India's permanent representative Parvathaneni Harish slammed Pakistan for continuing its "delusional tirades", particularly regarding Jammu and Kashmir.
His remarks came after Counsellor Saima Saleem, who is part of Permanent Mission of Pakistan to the United Nations, alleged that the Kashmiri women have "endured sexual violence for decades".
"Every year, we are unfortunately fated to listen to the delusional tirade of Pakistan against my country, especially on Jammu and Kashmir, the Indian territory they covet. Our pioneering record on the Women, Peace and Security agenda is unblemished and unscathed," Harish said.
He said Pakistan conducted Operation Searchlight in 1971 and sanctioned a systematic campaign of genocidal mass rape of 400,000 women citizens by its own army. “The world sees through Pakistan’s propaganda," he said.
The UNSC debate on Women Peace and Security was held to mark 25 years of Resolution 1325.
What is Operation Searchlight?
Operation Searchlight, which was launched on the night of March 25, 1971, was carried out by the Pakistan Army in East Pakistan (now Bangladesh) to suppress growing calls for independence. At 11:30 pm on March 25, 1971, the Pakistan Army launched the operation. Heavily armed troops moved out of Dhaka Cantonment, targeting multiple key locations simultaneously.
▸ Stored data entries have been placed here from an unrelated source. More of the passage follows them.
theorem proposition1:
  fixes W :: "nat \<Rightarrow> nat \<Rightarrow> nat \<Rightarrow> real" and b :: "nat \<Rightarrow> nat \<Rightarrow> real"
    and h :: "real \<Rightarrow> real" and d :: "nat \<Rightarrow> nat" and K :: nat
    and M :: "real measure" and x :: "nat \<Rightarrow> real" and y :: nat
  assumes "mono h"
    and "1 \<le> K"
    and "y < d K"
    and "prob_space M"
    and "sets M = sets borel"
    and "AE \<epsilon> in M. 0 \<le> \<epsilon>"
  shows "robust_lik W b h d K M x y \<ge> ibp_lik W b h d K M x y"
proof -
  interpret prob_space M by fact
  define s where "s x' = softmax (d K) (net_out W b h d K x') y" for x'
  define g where "g \<epsilon> = (INF x'\<in>linf_ball (d 0) x \<epsilon>. s x')" for \<epsilon>
  have s_bounds: "0 \<le> s x'" "s x' \<le> 1" for x'
    unfolding s_def using softmax_nonneg softmax_le_one[OF assms(3)] by auto
  have "integrable M g"
    unfolding g_def using finite_measure_axioms assms(5,6) s_bounds
    by (rule integrable_INF_linf_ball)
  moreover have "AE \<epsilon> in M. softmax (d K) (f_LB W b h d K x y \<epsilon>) y \<le> g \<epsilon>"
    using assms(6)
  proof eventually_elim
    case (elim \<epsilon>)
    then have "linf_ball (d 0) x \<epsilon> \<noteq> {}"
      using center_in_linf_ball by blast
    then show ?case
      unfolding g_def s_def by (intro cINF_greatest softmax_f_LB_le[where d=d, OF assms(1,3)])
  qed
  moreover have "AE \<epsilon> in M. 0 \<le> g \<epsilon>"
    using assms(6) unfolding g_def by eventually_elim (rule INF_linf_ball_bounds(1)[OF _ s_bounds])
  ultimately show ?thesis
    unfolding robust_lik_def ibp_lik_def g_def[symmetric] s_def[symmetric]
    by (rule integral_mono_AE')
qed

end
(*
  Write x for half of the angle omega of the paper, so alpha (1 + 2 cos 2x) = 1, and the hypothesis
  on alpha places x in (pi/(L+3), pi/(L+2)).  The equations of AS say that
  m_j = alpha l_(j+1) + (alpha - 1) l_j + alpha l_(j-1) (AS_integral below) has increments m_(j+1) - m_j = d_j, and the
  sequences sin (2jx) and sin (2(L+2-j)x) lie in the kernel of this self-adjoint three-term operator.
  Summation by parts against them and against the constant 1 gives three linear relations between
  m_1, l_1 and l_(L+1) whose trigonometric coefficients have definite signs.  For d = 0 they force
  m_1 = l_1 = 0 and hence l = 0, which is uniqueness; existence follows by shooting from (l_1, m_1),
  a 2x2 system that is invertible by uniqueness.  By linearity the solution is l^0 + sum_k d_k u^k
  for unit responses u^k, so c_k = alpha u^k_L - u^k_(L+1); its positivity is a sign computation
  with the same three relations, and the reflection j -> L+2-j yields the second formula.
*)

section \<open>The system with prescribed total\<close>

text \<open>Replacing the normalisation \<open>\<Sum> l = 1\<close> by an arbitrary total \<open>s\<close> makes the solutions
  closed under linear combinations.\<close>
definition AS_with_total :: "real \<Rightarrow> nat \<Rightarrow> (nat \<Rightarrow> real) \<Rightarrow> real \<Rightarrow> (nat \<Rightarrow> real) \<Rightarrow> bool" where
  "AS_with_total \<alpha> L d s l \<longleftrightarrow> l 0 = 0 \<and> l (L + 2) = 0 \<and>
     (\<forall>j\<in>{1..L}. d j = - \<alpha> * l (j - 1) + l j - l (j + 1) + \<alpha> * l (j + 2)) \<and>
     (\<Sum>j = 1..L + 1. l j) = s"

lemma AS_iff_AS_with_total: "AS \<alpha> L d l \<longleftrightarrow> AS_with_total \<alpha> L d 1 l"
  by (simp add: AS_def AS_with_total_def)

lemma AS_with_total_lincomb:
  assumes "AS_with_total \<alpha> L d1 s1 l1" "AS_with_total \<alpha> L d2 s2 l2"
  shows "AS_with_total \<alpha> L (\<lambda>j. a * d1 j + b * d2 j) (a * s1 + b * s2) (\<lambda>j. a * l1 j + b * l2 j)"
proof -
  have e1: "\<forall>j\<in>{1..L}. d1 j = - \<alpha> * l1 (j - 1) + l1 j - l1 (j + 1) + \<alpha> * l1 (j + 2)"
   and e2: "\<forall>j\<in>{1..L}. d2 j = - \<alpha> * l2 (j - 1) + l2 j - l2 (j + 1) + \<alpha> * l2 (j + 2)"
    using assms unfolding AS_with_total_def by auto
  have "a * d1 j + b * d2 j = - \<alpha> * (a * l1 (j - 1) + b * l2 (j - 1)) + (a * l1 j + b * l2 j)
      - (a * l1 (j + 1) + b * l2 (j + 1)) + \<alpha> * (a * l1 (j + 2) + b * l2 (j + 2))"
    if "j \<in> {1..L}" for j
    unfolding e1[rule_format, OF that] e2[rule_format, OF that] by (simp add: algebra_simps)
  then show ?thesis
    using assms unfolding AS_with_total_def by (auto simp: sum.distrib sum_distrib_left[symmetric])
qed

lemma AS_with_total_add:
  assumes "AS_with_total \<alpha> L d1 s1 l1" "AS_with_total \<alpha> L d2 s2 l2"
  shows "AS_with_total \<alpha> L (\<lambda>j. d1 j + d2 j) (s1 + s2) (\<lambda>j. l1 j + l2 j)"
  using AS_with_total_lincomb[OF assms, of 1 1] by simp

lemma AS_with_total_diff:
  assumes "AS_with_total \<alpha> L d1 s1 l1" "AS_with_total \<alpha> L d2 s2 l2"
  shows "AS_with_total \<alpha> L (\<lambda>j. d1 j - d2 j) (s1 - s2) (\<lambda>j. l1 j - l2 j)"
  using AS_with_total_lincomb[OF assms, of 1 "-1"] by simp

lemma AS_with_total_scale:
  assumes "AS_with_total \<alpha> L d s l"
  shows "AS_with_total \<alpha> L (\<lambda>j. a * d j) (a * s) (\<lambda>j. a * l j)"
  using AS_with_total_lincomb[OF assms assms, of a 0] by simp

lemma AS_with_total_sum:
  assumes "finite K" "\<forall>k\<in>K. AS_with_total \<alpha> L (D k) (S k) (U k)"
  shows "AS_with_total \<alpha> L (\<lambda>j. \<Sum>k\<in>K. D k j) (\<Sum>k\<in>K. S k) (\<lambda>j. \<Sum>k\<in>K. U k j)"
  using assms
proof (induction K rule: finite_induct)
  case empty
  then show ?case by (simp add: AS_with_total_def)
next
  case (insert k K)
  then show ?case using AS_with_total_add[of \<alpha> L "D k" "S k" "U k"] by simp
qed

lemma AS_with_total_cong:
  assumes "AS_with_total \<alpha> L d s l" "\<forall>j\<in>{1..L}. d j = d' j"
  shows "AS_with_total \<alpha> L d' s l"
  using assms unfolding AS_with_total_def by auto

lemma AS_with_total_reflect:
  assumes "AS_with_total \<alpha> L d s l"
  shows "AS_with_total \<alpha> L (\<lambda>j. - d (L + 1 - j)) s (\<lambda>j. l (L + 2 - j))"
proof -
  have eq: "\<forall>j\<in>{1..L}. d j = - \<alpha> * l (j - 1) + l j - l (j + 1) + \<alpha> * l (j + 2)"
    and s: "(\<Sum>j = 1..L + 1. l j) = s" and "l 0 = 0" "l (L + 2) = 0"
    using assms unfolding AS_with_total_def by auto
  have "- d (L + 1 - j) = - \<alpha> * l (L + 2 - (j - 1)) + l (L + 2 - j) - l (L + 2 - (j + 1))
      + \<alpha> * l (L + 2 - (j + 2))" if j: "j \<in> {1..L}" for j
  proof -
    define i where "i = L + 1 - j"
    have "i \<in> {1..L}" using j unfolding i_def by auto
    moreover have "L + 2 - (j - 1) = i + 2" "L + 2 - j = i + 1" "L + 2 - (j + 1) = i"
      "L + 2 - (j + 2) = i - 1"
      using j unfolding i_def by auto
    ultimately show ?thesis using eq unfolding i_def[symmetric] by auto
  qed
  moreover have "(\<Sum>j = 1..L + 1. l (L + 2 - j)) = s"
    using s sum.atLeastAtMost_rev[of l 1 "L + 1"] by simp
  ultimately show ?thesis using \<open>l 0 = 0\<close> \<open>l (L + 2) = 0\<close> unfolding AS_with_total_def by auto
qed

definition AS_integral :: "real \<Rightarrow> (nat \<Rightarrow> real) \<Rightarrow> nat \<Rightarrow> real" where
  "AS_integral \<alpha> l j = \<alpha> * l (j + 1) + (\<alpha> - 1) * l j + \<alpha> * l (j - 1)"

lemma AS_integral_Suc_diff:
  "AS_integral \<alpha> l (j + 1) - AS_integral \<alpha> l j = - \<alpha> * l (j - 1) + l j - l (j + 1) + \<alpha> * l (j + 2)"
  by (cases j) (simp_all add: AS_integral_def algebra_simps)

lemma AS_integral_eq_partial_sum:
  assumes eqs: "\<forall>j\<in>{1..L}. d j = - \<alpha> * l (j - 1) + l j - l (j + 1) + \<alpha> * l (j + 2)"
    and j: "j \<in> {1..L + 1}"
  shows "AS_integral \<alpha> l j = AS_integral \<alpha> l 1 + (\<Sum>i = 1..<j. d i)"
proof -
  have "1 \<le> j" "j \<le> L + 1" using j by auto
  then show ?thesis
  proof (induction j rule: nat_induct_at_least)
    case base
    then show ?case by simp
  next
    case (Suc j)
    then have "d j = AS_integral \<alpha> l (j + 1) - AS_integral \<alpha> l j"
      using eqs AS_integral_Suc_diff[of \<alpha> l j] by auto
    then show ?case using Suc by simp
  qed
qed

lemma AS_integral_sum_by_parts:
  "(\<Sum>j = 1..n. AS_integral \<alpha> l j * \<phi> j) = (\<Sum>j = 1..n. l j * AS_integral \<alpha> \<phi> j)
     + \<alpha> * (l (n + 1) * \<phi> n - l n * \<phi> (n + 1)) + \<alpha> * (l 0 * \<phi> 1 - l 1 * \<phi> 0)"
  by (induction n) (simp_all add: AS_integral_def algebra_simps)
(* Let $0<p\le1$ and let $\phi$ be an Orlicz function with $\alpha_\phi>0$. The following are equivalent: (i) $\phi$ satisfies condition $\Delta^{*p}$; (ii) the Orlicz space $L_\phi$ is $p$-normable; (iii) $L_\phi$ has type $p$.
   Context: $(\Omega,\Sigma,\mu)$ is one of: (A) a non-atomic measure space with $\mu(\Omega)=\infty$; (B) a non-atomic measure space with $\mu(\Omega)<\infty$; (C) $\mathbb{N}$ with counting measure. Growth conditions and indices are taken for all arguments in case (A), for large arguments in case (B), and for small arguments in case (C). An Orlicz function is $\phi:[0,\infty)\to[0,\infty)$ with $\phi(0)=0$, strictly increasing, continuous, $\lim_{u\to\infty}\phi(u)=\infty$. $\phi\in\Delta^{*p}$ means there exist $K>0$ (and $v\ge0$ in case (B), $v>0$ in case (C)) with $\phi(au)\ge Ka^p\phi(u)$ for all $a\ge1$ and all $u\ge0$ (A), $u\ge v$ (B), $au\le v$ (C). $\alpha_\phi=\sup\{r:\exists c>0$ (and $v$) with $\phi(au)\ge ca^r\phi(u)$ for all $a\ge1$ and $u\ge0$ (A), $u\ge v$ (B), $0<u\le au\le v$ (C)$\}$. $L_\phi$ is the set of measurable $f$ with $\int\phi(\lambda|f|)\,d\mu<\infty$ for some $\lambda>0$, quasi-normed by $\|f\|=\inf\{\varepsilon>0:\int\phi(|f|/\varepsilon)\,d\mu\le1\}$. A quasi-Banach space is $p$-normable if there is $C>0$ with $\|x_1+\dots+x_n\|\le C(\|x_1\|^p+\dots+\|x_n\|^p)^{1/p}$ for all $x_1,\dots,x_n$, $n\in\mathbb{N}$. With Rademacher functions $r_k(t)=\operatorname{sign}(\sin2^k\pi t)$, $X$ has type $p$ if there is $K>0$ with $\int_0^1\|\sum_{k=1}^n r_k(t)x_k\|\,dt\le K(\sum_{k=1}^n\|x_k\|^p)^{1/p}$ for all $x_1,\dots,x_n\in X$. *)

theory Defs
  imports "HOL-Analysis.Analysis"
begin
The operation was overseen by Pakistan's military commander, General Tikka Khan, who was nicknamed the "Butcher of Bengal".
Various reports suggested that the Pakistani army during Operation Searchlight killed an estimated three million people, raped roughly 4,00,000 women, besides setting houses on fire and causing enormous destruction to infrastructure. This was one of the largest refugee crises in the 20th century. The crackdown also. forced millions of Bengalis to flee to India.
The United Nations recognised the mass killings in East Pakistan as acts of genocide under Resolution 1430 (1971).
The first detailed report on the atrocities was published by Pakistani journalist, Anthony Mascarenhas, in London’s Sunday Times, on June 13, 1971. Mascarenhas was among a group of Pakistani journalists invited by the government to write in favour of the military actions. He fled to London to report what he had witnessed. In his famous report titled “Genocide”, he wrote as quoted by Frontline: “I saw Hindus hunted from village to village and door to door, shot off-hand after a cursory ‘short arm inspection’ showed they were un-circumcised. I have heard the screams of men bludgeoned to death in the compound of the Circuit House in Comilla. I have seen truckloads of other human targets and those who had the humanity to try to help them hauled off for disposal under the cover of darkness and curfew.”
What did Saima Saleem say?
Saleem spoke about the “plight” of Kashmiri women who have been "for decades of occupation have endured sexual violence deployed as a weapon of war”.
"To exclude Kashmiri women from the Women, Peace and Security agenda erases its legitimacy and undermines its universality. The Jammu and Kashmir dispute is on this Council's agenda and therefore, future reports must reflect their plight accordingly," she said.